As everything is working as designed, apart from the poor solar panel, and after having sleepless nights because of wind, anchoring boats and free boats, we feel that it's time to test the design limits of our mattress by seeking some flat water and getting some proper sleep. We're going to be heading for some flat water of the Odet River with its chateau lined banks.
Phew. The calm after the storm.
Finally some lovely sailing.
Port Kerol, before the hordes arrived.
Signs of summer are everywhere.
Port Kerol, as the hordes start arriving.
Brrrrrrr. Chocolate Chaud is the only answer.
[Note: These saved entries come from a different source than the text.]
(* Let $(\{0,1\}^{\mathbb N},\mathbb B_\Pi,m,\sigma)$ be an ergodic Markov shift over two symbols, $X$ a lexicographic-like random variable, $d\in\mathbb N$, $O=\bigcup_{n=0}^\infty\sigma^{-n}(\{\overline0\})$ with $\overline0=(0,0,\dots)$, and $\widetilde{\mathcal P}^X(d)=\{P\setminus O\mid P\in\mathcal P^X(d)\}\cup\{O\}$. If $P_i,P_j\in\widetilde{\mathcal P}^X(d)$ and $P_i\subseteq C_{a_0}$ for some $a_0\in\{0,1\}$, then either $P_i\cap\sigma^{-1}(P_j)=C_{a_0}\cap\sigma^{-1}(P_j)$ or $m(P_i\cap\sigma^{-1}(P_j))=0$.
   Context: Markov shift over $\{0,1\}$: given a $2\times2$ stochastic matrix $Q=(q_{ij})$ and a stationary probability vector $p$ with positive entries, the system on one-sided sequences $s=(s_0,s_1,\dots)\in\{0,1\}^{\mathbb N}$ with $\sigma$-algebra $\mathbb B_\Pi$ generated by cylinders $C_{a_0\dots a_{n-1}}=\{s:s_i=a_i,i<n\}$, shift $(\sigma s)_j=s_{j+1}$ and $m(C_{a_0\dots a_{n-1}})=p_{a_0}q_{a_0a_1}\cdots q_{a_{n-2}a_{n-1}}$; ergodic means every $\sigma$-invariant set has measure $0$ or $1$. Lexicographic order: $r\prec s$ iff $r_0<s_0$ or there is $k\in\mathbb N$ with $r_i=s_i$ for $i<k$ and $r_k<s_k$. $X$ is lexicographic-like if it is injective on a set of full $m$-measure and for all $s$ and $j,n\in\mathbb N_0$: $X(\sigma^j s)\le X(\sigma^n s)$ iff $\sigma^j s\preceq\sigma^n s$. Ordinal pattern: $(x_0,\dots,x_d)$ has pattern $\pi=(r_0,\dots,r_d)\in\Pi_d$ (permutations of $\{0,\dots,d\}$) if $x_{r_0}\ge\dots\ge x_{r_d}$ and $r_{l-1}>r_l$ whenever $x_{r_{l-1}}=x_{r_l}$. The ordinal partition $\mathcal P^X(d)$ consists of the sets $P_\pi=\{s:(X(\sigma^d s),\dots,X(\sigma s),X(s))\text{ has ordinal pattern }\pi\}$, $\pi\in\Pi_d$. *)

theory Defs
  imports "HOL-Analysis.Analysis"
begin
lemma ln_eq_sum_multiplicity_ln:
  assumes "0 < n"
  shows "ln (real n) = (\<Sum>p\<in>prime_factors n. real (multiplicity p n) * ln (real p))"
proof -
  have "real n = real (\<Prod>p\<in>prime_factors n. p ^ multiplicity p n)"
    using prod_prime_factors[of n] assms by simp
  then have "ln (real n) = ln (\<Prod>p\<in>prime_factors n. real p ^ multiplicity p n)" by simp
  also have "\<dots> = (\<Sum>p\<in>prime_factors n. ln (real p ^ multiplicity p n))"
    by (intro ln_prod) (auto dest: in_prime_factors_imp_prime prime_gt_0_nat)
  also have "\<dots> = (\<Sum>p\<in>prime_factors n. real (multiplicity p n) * ln (real p))"
    by (rule sum.cong) (auto simp: ln_realpow dest: in_prime_factors_imp_prime prime_gt_0_nat)
  finally show ?thesis .
qed

lemma card_prime_factors_le_2_ln:
  assumes "0 < n" shows "real (card (prime_factors n)) \<le> 2 * ln (real n)"
proof -
  have "(2::nat) ^ card (prime_factors n) = (\<Prod>p\<in>prime_factors n. 2)" by simp
  also have "\<dots> \<le> (\<Prod>p\<in>prime_factors n. p ^ multiplicity p n)"
  proof (intro prod_mono ballI conjI)
    fix p assume "p \<in> prime_factors n"
    then have "2 \<le> p" "0 < multiplicity p n" by (auto simp: prime_factors_multiplicity prime_ge_2_nat)
    then show "2 \<le> p ^ multiplicity p n" using self_le_power[of p "multiplicity p n"] by linarith
  qed simp
  also have "\<dots> = n" using prod_prime_factors[of n] assms by simp
  finally have "(2::real) ^ card (prime_factors n) \<le> real n"
    by (metis of_nat_le_iff of_nat_numeral of_nat_power)
  then have "real (card (prime_factors n)) * ln 2 \<le> ln (real n)"
    by (metis ln_le_cancel_iff ln_realpow zero_less_numeral zero_less_power
              order_less_le_trans)
  moreover have "real (card (prime_factors n)) * (1/2) \<le> real (card (prime_factors n)) * ln 2"
    using ln2_ge_two_thirds by (intro mult_left_mono) auto
  ultimately show ?thesis by linarith
qed

section \<open>The powerful part of an integer\<close>

lemma ln_prime_nonneg: "prime p \<Longrightarrow> 0 \<le> ln (real p)"
  using prime_ge_1_nat by simp

lemma prime_power_dvd_iff_le_multiplicity:
  "prime (p::nat) \<Longrightarrow> n \<noteq> 0 \<Longrightarrow> p ^ k dvd n \<longleftrightarrow> k \<le> multiplicity p n"
  by (rule power_dvd_iff_le_multiplicity) (auto simp: not_prime_unit)

definition ln_powerful_part :: "nat \<Rightarrow> real" where
  "ln_powerful_part n =
     (\<Sum>p\<in>{p\<in>prime_factors n. 2 \<le> multiplicity p n}. real (multiplicity p n) * ln (real p))"

lemma ln_powerful_part_nonneg: "0 \<le> ln_powerful_part n"
  unfolding ln_powerful_part_def by (intro sum_nonneg) (auto intro!: mult_nonneg_nonneg ln_prime_nonneg)

lemma ln_eq_sum_simple_primes_plus_ln_powerful_part:
  assumes "0 < n"
  shows "ln (real n) = (\<Sum>p\<in>{p\<in>prime_factors n. multiplicity p n = 1}. ln (real p)) + ln_powerful_part n"
proof -
  have split: "prime_factors n = {p\<in>prime_factors n. multiplicity p n = 1} \<union> {p\<in>prime_factors n. 2 \<le> multiplicity p n}"
    by (auto simp: prime_factors_multiplicity)
  have "ln (real n) = (\<Sum>p\<in>prime_factors n. real (multiplicity p n) * ln (real p))"
    using ln_eq_sum_multiplicity_ln assms by blast
  also have "\<dots> = (\<Sum>p\<in>{p\<in>prime_factors n. multiplicity p n = 1}. real (multiplicity p n) * ln (real p))
                 + ln_powerful_part n"
    unfolding ln_powerful_part_def by (subst split, subst sum.union_disjoint) auto
  also have "(\<Sum>p\<in>{p\<in>prime_factors n. multiplicity p n = 1}. real (multiplicity p n) * ln (real p))
           = (\<Sum>p\<in>{p\<in>prime_factors n. multiplicity p n = 1}. ln (real p))"
    by (rule sum.cong) auto
  finally show ?thesis .
qed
Groix. Monuments cover the place.
That lighthouse will have weathered some storms.
Crikey. That is one seriously drying harbour.
Just keep pedalling.
And you'll be rewarded by a great view.
Now THEY are wild flowers.
Great hire bikes, apart from the colour.
Lordy. That's a lot of boats attached to not a lot of buoys.
Someone has caught something.
Errr. Just where has the wind gone?
Brrrrrrr. Ignore the cold and it doesn't exist.
Wow. Beaches, boats and blue.
All very Cape Cod.
No Iain, you can't take that anchor as a spare.
Now that is what I call a bay full of blue water.